In the end, it was decided that Ray would keep the byline he had been using in the pages of the pulps. Ray Bradbury would remain Ray Bradbury. Ray’s letter to Derleth also indicated that, even at this early stage of his career, he had his sights firmly set on breaking out of the pulps and into the literary market.
His career was gaining momentum. Over the course of 1944, nineteen Bradbury stories appeared in print. Some of these tales, “The Lake,” “There Was an Old Woman,” and “The Jar,” would become Bradbury classics. At twenty-four, he had developed a following of pulp magazine readers across the country, and would soon be published in a book by fan-favorite Arkham House publishers (though he was still living at home, still sharing a bed with Skip). At this time, the editors of Weird Tales were pressuring him to conform to the conventions of genre fiction. As Ray remembered it, editor Dorothy McIlwraith (who replaced the ailing Farnsworth Wright in May 1940) had grown weary of his poetic tales of ghosts and ghouls, and suggested he write more traditional tales of the macabre. He was writing too many tales rooted in his childhood. Ever the nonconformist, Ray refused to alter his stories.

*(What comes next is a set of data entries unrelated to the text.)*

(* Let $(h_n)_{n\ge 0}$ be a sequence of positive real numbers (not depending on $a$) and, for $a>0$, let \[ h(a,x)=\sum_{n=0}^{\infty}\frac{h_n}{(a)_n}x^n \] (a formal power series in $x$). Let $b>a>0$ and $\delta>0$, and write \[ \lambda_{a,b,\delta}(x)=h(a+\delta,x)h(b,x)-h(b+\delta,x)h(a,x)=\sum_{m=0}^{\infty}\lambda_m x^m . \] Then $\lambda_0=0$ and $\lambda_m<0$ for all $m\ge 1$, so that $a\mapsto h(a,x)$ is strictly log-convex for $x>0$.
   Context: $(a)_n=a(a+1)\cdots(a+n-1)$ is the Pochhammer symbol, $(a)_0=1$. Power series are understood formally; the log-convexity statement refers to values $x>0$ at which the series converge. *)

theory Defs
  imports "HOL-Analysis.Analysis" "HOL-Computational_Algebra.Formal_Power_Series"
begin

definition hfps :: "(nat \<Rightarrow> real) \<Rightarrow> real \<Rightarrow> real fps" where
  "hfps hc a = Abs_fps (\<lambda>n. hc n / pochhammer a n)"

definition lam_fps :: "(nat \<Rightarrow> real) \<Rightarrow> real \<Rightarrow> real \<Rightarrow> real \<Rightarrow> real fps" where
  "lam_fps hc a b d = hfps hc (a + d) * hfps hc b - hfps hc (b + d) * hfps hc a"

text \<open>Value of the series h(a,x) at a real point x (meaningful where it converges).\<close>
definition hval :: "(nat \<Rightarrow> real) \<Rightarrow> real \<Rightarrow> real \<Rightarrow> real" where
  "hval hc a x = (\<Sum>n. hc n / pochhammer a n * x ^ n)"

end

theory Submission
  imports Defs
begin

text \<open>
  Coefficientwise, \<open>\<lambda>\<^sub>m = \<Sum>\<^bsub>i+j=m\<^esub> h\<^sub>i h\<^sub>j (1/((a+d)\<^sub>i (b)\<^sub>j) - 1/((b+d)\<^sub>i (a)\<^sub>j))\<close>, and pairing
  the terms \<open>(i,j)\<close> and \<open>(j,i)\<close> reduces the sign of \<open>\<lambda>\<^sub>m\<close> to an inequality between Pochhammer
  symbols. Writing \<open>k = j + n\<close> and \<open>(x)\<^bsub>j+n\<^esub> = (x)\<^sub>j (x+j)\<^sub>n\<close>, that inequality follows from
  \<open>(a)\<^sub>j (b+d)\<^sub>j < (a+d)\<^sub>j (b)\<^sub>j\<close> for \<open>j > 0\<close> together with the fact that the difference
  \<open>1/(x)\<^sub>n - 1/(x+d)\<^sub>n\<close> is strictly decreasing in \<open>x > 0\<close> for \<open>n > 0\<close>; the latter is a discrete
  product rule, as each factor \<open>1/(x+i)\<close> is positive and decreasing with decreasing differences.
  At a point \<open>x > 0\<close> of convergence the series converge absolutely, so the Cauchy product
  turns the coefficient signs into the inequality between the values.
\<close>


lemma inverse_pochhammer_antimono:
  fixes x y :: real
  assumes "0 < x" "x \<le> y"
  shows "1 / pochhammer y n \<le> 1 / pochhammer x n"
proof -
  have "pochhammer x n \<le> pochhammer y n"
    unfolding pochhammer_prod using assms by (intro prod_mono) auto
  then show ?thesis
    using assms pochhammer_pos[of x n] by (intro divide_left_mono) auto
qed

lemma pochhammer_cross_less:
  fixes a b d :: real
  assumes "0 < a" "a < b" "0 < d" "0 < j"
  shows "pochhammer a j * pochhammer (b + d) j < pochhammer (a + d) j * pochhammer b j"
proof -
  have factor_less: "(a + real i) * (b + d + real i) < (a + d + real i) * (b + real i)" for i
  proof -
    have "(a + d + real i) * (b + real i) - (a + real i) * (b + d + real i) = d * (b - a)"
      by (simp add: algebra_simps)
    moreover have "d * (b - a) > 0"
      using assms by simp
    ultimately show ?thesis
      by linarith
  qed
  show ?thesis
    unfolding pochhammer_prod prod.distrib[symmetric]
  proof (rule prod_mono_strict[of 0])
    show "\<And>i. 0 \<le> (a + real i) * (b + d + real i) \<and> (a + real i) * (b + d + real i)
                  \<le> (a + d + real i) * (b + real i)"
      using assms factor_less by (auto intro: less_imp_le)
    show "\<And>i. 0 < (a + d + real i) * (b + real i)"
      using assms by simp
  qed (use assms factor_less[of 0] in auto)
qed

lemma inverse_shift_diff_strict_antimono:
  fixes x y d :: real
  assumes "0 < x" "x < y" "0 < d"
  shows "1 / y - 1 / (y + d) < 1 / x - 1 / (x + d)"
proof -
  have diff_eq: "1 / z - 1 / (z + d) = d / (z * (z + d))" if "0 < z" for z
    using that assms by (simp add: field_simps)
  have "x * (x + d) < y * (y + d)"
    using assms by (intro mult_strict_mono) auto
  then have "d / (y * (y + d)) < d / (x * (x + d))"
    using assms by (intro divide_strict_left_mono) auto
  then show ?thesis
    using assms by (simp add: diff_eq)
qed

lemma shift_diff_mult_less:
  fixes f g :: "real \<Rightarrow> real"
  assumes "x < y" "0 < d"
    and "antimono_on {x..} f" "antimono_on {x..} g"
    and "\<And>z. x \<le> z \<Longrightarrow> 0 < f z" "\<And>z. x \<le> z \<Longrightarrow> 0 < g z"
    and f_diff: "f y - f (y + d) \<le> f x - f (x + d)"
    and g_diff: "g y - g (y + d) < g x - g (x + d)"
  shows "f y * g y - f (y + d) * g (y + d) < f x * g x - f (x + d) * g (x + d)"
proof -
  have f_le: "f w \<le> f z" if "x \<le> z" "z \<le> w" for z w
    using monotone_onD[OF assms(3), of z w] that by simp
  have g_le: "g w \<le> g z" if "x \<le> z" "z \<le> w" for z w
    using monotone_onD[OF assms(4), of z w] that by simp
  have g_nonneg_xd: "0 \<le> g (x + d)"
    using assms(2) assms(6)[of "x + d"] by simp
  have split: "f z * g z - f (z + d) * g (z + d)
      = f z * (g z - g (z + d)) + g (z + d) * (f z - f (z + d))" for z
    by (simp add: algebra_simps)
  have "f y * (g y - g (y + d)) < f y * (g x - g (x + d))"
    using assms g_diff by simp
  also have "\<dots> \<le> f x * (g x - g (x + d))"
    using assms g_le[of y "y + d"] g_diff f_le[of x y]
    by (intro mult_right_mono) auto
  finally have "f y * (g y - g (y + d)) < f x * (g x - g (x + d))" .
  moreover have "g (y + d) * (f y - f (y + d)) \<le> g (x + d) * (f x - f (x + d))"
    using assms g_le[of "x + d" "y + d"] f_le[of y "y + d"] f_diff g_nonneg_xd
    by (intro mult_mono) auto
  ultimately show ?thesis
    by (simp only: split)
qed

lemma inverse_pochhammer_shift_diff_strict_antimono:
  fixes x y d :: real
  assumes "0 < x" "x < y" "0 < d" "0 < n"
  shows "1 / pochhammer y n - 1 / pochhammer (y + d) n < 1 / pochhammer x n - 1 / pochhammer (x + d) n"
proof -
  obtain m where n: "n = Suc m"
    using assms(4) gr0_implies_Suc by blast
  show ?thesis
    unfolding n
  proof (induction m)
    case 0
    show ?case
      using inverse_shift_diff_strict_antimono[OF assms(1-3)] by simp
  next
    case (Suc m)
    define f where "f z = 1 / pochhammer z (Suc m)" for z :: real
    define g where "g z = 1 / (z + real (Suc m))" for z :: real
    have split: "1 / pochhammer z (Suc (Suc m)) = f z * g z" for z
      unfolding f_def g_def pochhammer_Suc[of z "Suc m"] by simp
    have f_anti: "antimono_on {x..} f"
      using assms(1) inverse_pochhammer_antimono by (auto intro!: monotone_onI simp: f_def)
    have g_anti: "antimono_on {x..} g"
      using assms(1) by (auto intro!: monotone_onI frac_le simp: g_def)
    show ?case
      unfolding split
    proof (rule shift_diff_mult_less[OF assms(2,3) f_anti g_anti])
      show "f y - f (y + d) \<le> f x - f (x + d)"
        using Suc.IH by (simp add: f_def)
      show "g y - g (y + d) < g x - g (x + d)"
        using inverse_shift_diff_strict_antimono[of "x + Suc m" "y + Suc m" d] assms
        by (simp add: g_def add_ac)
    qed (use assms(1) in \<open>simp_all add: f_def g_def pochhammer_pos\<close>)
  qed
qed

lemma inverse_pochhammer_pair_less_of_le:
  fixes a b d :: real
  assumes "0 < a" "a < b" "0 < d" "j \<le> k" "0 < j + k"
  shows "1 / (pochhammer (a + d) k * pochhammer b j) + 1 / (pochhammer (a + d) j * pochhammer b k)
       < 1 / (pochhammer (b + d) k * pochhammer a j) + 1 / (pochhammer (b + d) j * pochhammer a k)"
proof -
  obtain n where k: "k = j + n"
    using assms(4) le_Suc_ex by blast
  define G where "G z = 1 / pochhammer z n" for z :: real
  define p1 where "p1 = pochhammer (a + d) j * pochhammer b j"
  define p2 where "p2 = pochhammer a j * pochhammer (b + d) j"
  define s1 where "s1 = G (a + d + real j) + G (b + real j)"
  define s2 where "s2 = G (a + real j) + G (b + d + real j)"
  have pos: "0 < pochhammer z i" if "0 < z" for z :: real and i
    using that by (rule pochhammer_pos)
  have lhs: "1 / (pochhammer (a + d) k * pochhammer b j) + 1 / (pochhammer (a + d) j * pochhammer b k)
      = s1 / p1"
    using assms pos[of "a + d + real j" n] pos[of "b + real j" n] pos[of "a + d" j] pos[of b j]
    by (simp add: k pochhammer_product' s1_def G_def p1_def field_simps)
  have rhs: "1 / (pochhammer (b + d) k * pochhammer a j) + 1 / (pochhammer (b + d) j * pochhammer a k)
      = s2 / p2"
    using assms pos[of "a + real j" n] pos[of "b + d + real j" n] pos[of a j] pos[of "b + d" j]
    by (simp add: k pochhammer_product' s2_def G_def p2_def field_simps)
  have s_less: "s1 < s2" if "0 < n"
    using inverse_pochhammer_shift_diff_strict_antimono[of "a + real j" "b + real j" d n] assms that
    by (simp add: s1_def s2_def G_def algebra_simps)
  have p_less: "p2 < p1" if "0 < j"
    using pochhammer_cross_less[OF assms(1-3) that] by (simp add: p1_def p2_def mult.commute)
  have "0 < p2"
    using assms by (simp add: p2_def pos)
  moreover have "0 < s1"
    using assms pos by (simp add: s1_def G_def add_pos_pos)
  moreover have "s1 \<le> s2" "p2 \<le> p1"
    using s_less p_less by (cases n; cases j; simp add: s1_def s2_def G_def p1_def p2_def)+
  ultimately have "s1 / p1 < s2 / p2"
    using s_less p_less assms(5) k by (cases "0 < j") (auto intro: frac_less frac_less2)
  then show ?thesis
    by (simp only: lhs rhs)
qed

lemma inverse_pochhammer_pair_less:
  fixes a b d :: real
  assumes "0 < a" "a < b" "0 < d" "0 < j + k"
  shows "1 / (pochhammer (a + d) k * pochhammer b j) + 1 / (pochhammer (a + d) j * pochhammer b k)
       < 1 / (pochhammer (b + d) k * pochhammer a j) + 1 / (pochhammer (b + d) j * pochhammer a k)"
  using assms(4)
proof (induction j k rule: linorder_wlog)
  case (le j k)
  then show ?case
    by (rule inverse_pochhammer_pair_less_of_le[OF assms(1-3)])
next
  case (sym j k)
  then show ?case
    by (simp add: add_ac)
qed

lemma sum_atMost_neg_by_reflection:
  fixes f :: "nat \<Rightarrow> 'a::linordered_ab_group_add"
  assumes "\<And>i. i \<le> m \<Longrightarrow> f i + f (m - i) < 0"
  shows "(\<Sum>i\<le>m. f i) < 0"
proof -
  have "(\<Sum>i\<le>m. f (m - i)) = (\<Sum>i\<le>m. f i)"
    using sum.atLeastAtMost_rev[of f 0 m] by (simp add: atLeast0AtMost)
  moreover have "(\<Sum>i\<le>m. f i + f (m - i)) < (\<Sum>i\<le>m. 0)"
    using assms by (intro sum_strict_mono) auto
  ultimately have "(\<Sum>i\<le>m. f i) + (\<Sum>i\<le>m. f i) < 0"
    by (simp add: sum.distrib)
  then show ?thesis
    by (meson add_nonneg_nonneg not_le)
qed

lemma lam_fps_nth:
  "fps_nth (lam_fps hc a b d) m = (\<Sum>i\<le>m. hc i * hc (m - i) *
     (1 / (pochhammer (a + d) i * pochhammer b (m - i)) - 1 / (pochhammer (b + d) i * pochhammer a (m - i))))"
  unfolding lam_fps_def fps_sub_nth fps_mult_nth atLeast0AtMost sum_subtractf[symmetric]
  by (rule sum.cong) (simp_all add: hfps_def right_diff_distrib)

lemma lam_fps_nth_0: "fps_nth (lam_fps hc a b d) 0 = 0"
  by (simp add: lam_fps_nth)

lemma lam_fps_nth_neg:
  fixes hc :: "nat \<Rightarrow> real"
  assumes "\<And>n. 0 < hc n" "0 < a" "a < b" "0 < d" "0 < m"
  shows "fps_nth (lam_fps hc a b d) m < 0"
  unfolding lam_fps_nth
proof (rule sum_atMost_neg_by_reflection)
  fix i assume "i \<le> m"
  define j where "j = m - i"
  have "m - j = i"
    using \<open>i \<le> m\<close> by (simp add: j_def)
  have "hc i * hc j * (1 / (pochhammer (a + d) i * pochhammer b j) + 1 / (pochhammer (a + d) j * pochhammer b i)
      - (1 / (pochhammer (b + d) i * pochhammer a j) + 1 / (pochhammer (b + d) j * pochhammer a i))) < 0"
    using inverse_pochhammer_pair_less[OF assms(2-4), of j i] assms(1)[of i] assms(1)[of j] assms(5)
    by (intro mult_pos_neg) (auto simp: j_def)
  then show "hc i * hc (m - i) * (1 / (pochhammer (a + d) i * pochhammer b (m - i))
        - 1 / (pochhammer (b + d) i * pochhammer a (m - i)))
      + hc (m - i) * hc (m - (m - i)) * (1 / (pochhammer (a + d) (m - i) * pochhammer b (m - (m - i)))
        - 1 / (pochhammer (b + d) (m - i) * pochhammer a (m - (m - i)))) < 0"
    unfolding j_def[symmetric] \<open>m - j = i\<close> by (simp add: algebra_simps)
qed

lemma sums_eval_fps_mult:
  fixes F G :: "'a::{banach, real_normed_field} fps"
  assumes "summable (\<lambda>n. norm (fps_nth F n * z ^ n))" "summable (\<lambda>n. norm (fps_nth G n * z ^ n))"
  shows "(\<lambda>n. fps_nth (F * G) n * z ^ n) sums (eval_fps F z * eval_fps G z)"
proof -
  have "fps_nth (F * G) n * z ^ n = (\<Sum>i\<le>n. (fps_nth F i * z ^ i) * (fps_nth G (n - i) * z ^ (n - i)))" for n
    unfolding fps_mult_nth atLeast0AtMost sum_distrib_right
    by (rule sum.cong) (simp_all add: power_add[symmetric] mult_ac)
  then show ?thesis
    using Cauchy_product_sums[OF assms] by (simp add: eval_fps_def)
qed

lemma power_series_sums_neg:
  fixes c :: "nat \<Rightarrow> real"
  assumes "(\<lambda>n. c n * x ^ n) sums s" "0 < x" "c 0 = 0" "\<And>n. 0 < n \<Longrightarrow> c n < 0"
  shows "s < 0"
proof -
  have "(\<lambda>n. - (c n * x ^ n)) sums - s"
    using assms(1) by (rule sums_minus)
  moreover have "0 < (\<Sum>n. - (c n * x ^ n))"
  proof (rule suminf_pos2[of _ 1])
    show "summable (\<lambda>n. - (c n * x ^ n))"
      using calculation by (rule sums_summable)
    show "0 \<le> - (c n * x ^ n)" for n
      using assms(2-4) mult_neg_pos[of "c n" "x ^ n"] zero_less_power[of x n] by (cases "n = 0") auto
    show "0 < - (c 1 * x ^ 1)"
      using assms(2,4) by (simp add: mult_neg_pos)
  qed
  ultimately show ?thesis
    using sums_unique by fastforce
qed

lemma hval_eq_eval_fps: "hval hc c x = eval_fps (hfps hc c) x"
  by (simp add: hval_def eval_fps_def hfps_def)

lemma hfps_abs_summable:
  fixes hc :: "nat \<Rightarrow> real"
  assumes "\<And>n. 0 < hc n" "0 < c" "0 < x" "summable (\<lambda>n. hc n / pochhammer c n * x ^ n)"
  shows "summable (\<lambda>n. norm (fps_nth (hfps hc c) n * x ^ n))"
proof -
  have "norm (fps_nth (hfps hc c) n * x ^ n) = hc n / pochhammer c n * x ^ n" for n
    using assms(1)[of n] assms(2,3) pochhammer_pos[of c n] by (simp add: hfps_def)
  then show ?thesis
    using assms(4) by simp
qed

theorem theorem3:
  fixes hc :: "nat \<Rightarrow> real" and a b d :: real
  assumes hpos: "\<And>n. hc n > 0"
    and ab: "0 < a" "a < b" and dpos: "0 < d"
  shows "fps_nth (lam_fps hc a b d) 0 = 0
       \<and> (\<forall>m\<ge>1. fps_nth (lam_fps hc a b d) m < 0)
       \<and> (\<forall>x>0. (\<forall>c\<in>{a, b, a + d, b + d}. summable (\<lambda>n. hc n / pochhammer c n * x ^ n)) \<longrightarrow>
                hval hc (a + d) x * hval hc b x < hval hc (b + d) x * hval hc a x)"
proof (intro conjI allI impI)
  show "fps_nth (lam_fps hc a b d) 0 = 0"
    by (rule lam_fps_nth_0)
  show "fps_nth (lam_fps hc a b d) m < 0" if "1 \<le> m" for m
    using lam_fps_nth_neg[OF hpos ab dpos] that by simp
  fix x :: real
  assume x: "0 < x" and conv: "\<forall>c\<in>{a, b, a + d, b + d}. summable (\<lambda>n. hc n / pochhammer c n * x ^ n)"
  have product_sums: "(\<lambda>n. fps_nth (hfps hc c * hfps hc c') n * x ^ n) sums (hval hc c x * hval hc c' x)"
    if "c \<in> {a, b, a + d, b + d}" "c' \<in> {a, b, a + d, b + d}" for c c'
    unfolding hval_eq_eval_fps using that conv ab dpos
    by (intro sums_eval_fps_mult hfps_abs_summable[OF hpos _ x]) auto
  have "(\<lambda>n. fps_nth (lam_fps hc a b d) n * x ^ n)
      sums (hval hc (a + d) x * hval hc b x - hval hc (b + d) x * hval hc a x)"
    unfolding lam_fps_def fps_sub_nth left_diff_distrib by (intro sums_diff product_sums) auto
  then have "hval hc (a + d) x * hval hc b x - hval hc (b + d) x * hval hc a x < 0"
    using x lam_fps_nth_0 lam_fps_nth_neg[OF hpos ab dpos] by (rule power_series_sums_neg)
  then show "hval hc (a + d) x * hval hc b x < hval hc (b + d) x * hval hc a x"
    by simp
qed

end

Although he was publishing regularly, it wasn’t enough for him. He was in a hurry to make his mark on literary history,
and he was frustrated that he was not achieving this kind of success quickly enough. Ray knew that his friend Grant Beach had been seeing a psychiatrist, and asked Grant if he could pay a visit to his therapist. It was twenty dollars for a forty-five-minute visit—twice what Ray had earned in a week as a newspaper salesman. “I saved up my money and I went to see the doctor,” Ray recalled. “In his office, I sat across from him and he asked, ‘What is it that you want to find out about yourself? What do you want?’”
Ray was quiet for a moment. He knew what he wanted. And so he blurted it out: “I want to be the greatest writer who has ever lived.”
The psychiatrist gently laughed. “Well then,” he said, “you’re going to have to wait a while, aren’t you?”
The psychiatrist suggested that Ray pull out the Encyclopaedia Britannica and read about the lives of history’s famous writers. Some of them got ahead very quickly, he explained to Ray, while others took ten or fifteen years. “But read their lives,” Ray remembered him saying. “Read their lives and you’ll understand what writing is, and what fame is, and all about getting established.”
It wasn’t advice that rattled the Earth to its core, but Ray heeded it. He went to the library and began reading up on the lives of famous writers. And in doing so, it made him want to secure his own immortality even more.
Trying to help his friend reach greatness, Grant Beach suggested that Ray was far better than the pulps and recommended that he send his story to the “slicks,” as they were called, high-quality magazines such as Mademoiselle, American Mercury, and The New Yorker. Ray was hesitant. Although he was confident in his ability, he had submitted to many of these publications while he was in high school and had been summarily rejected by every one of them. But Grant was persuasive. After all, Ray had helped him; he had assisted Grant in converting his garage into a pottery studio, which Grant christened “Tortilla Flats,” in a nod to the recent John Steinbeck novel, and Grant’s ceramic art was selling to respected galleries in Los Angeles and San Francisco. Now Grant wanted to return the favor. But Ray’s name had been plastered across the cover of so many pulp magazines in recent months that he worried he would be pigeonholed. In high school, many of his fellow writing classmates hadn’t understood or respected his inclination toward genre fiction. Now he was concerned that the editors of the fine New York literary magazines would do the same. He had gained a reputation as “The Poet of the Pulps.” The big question was: Could he now break free?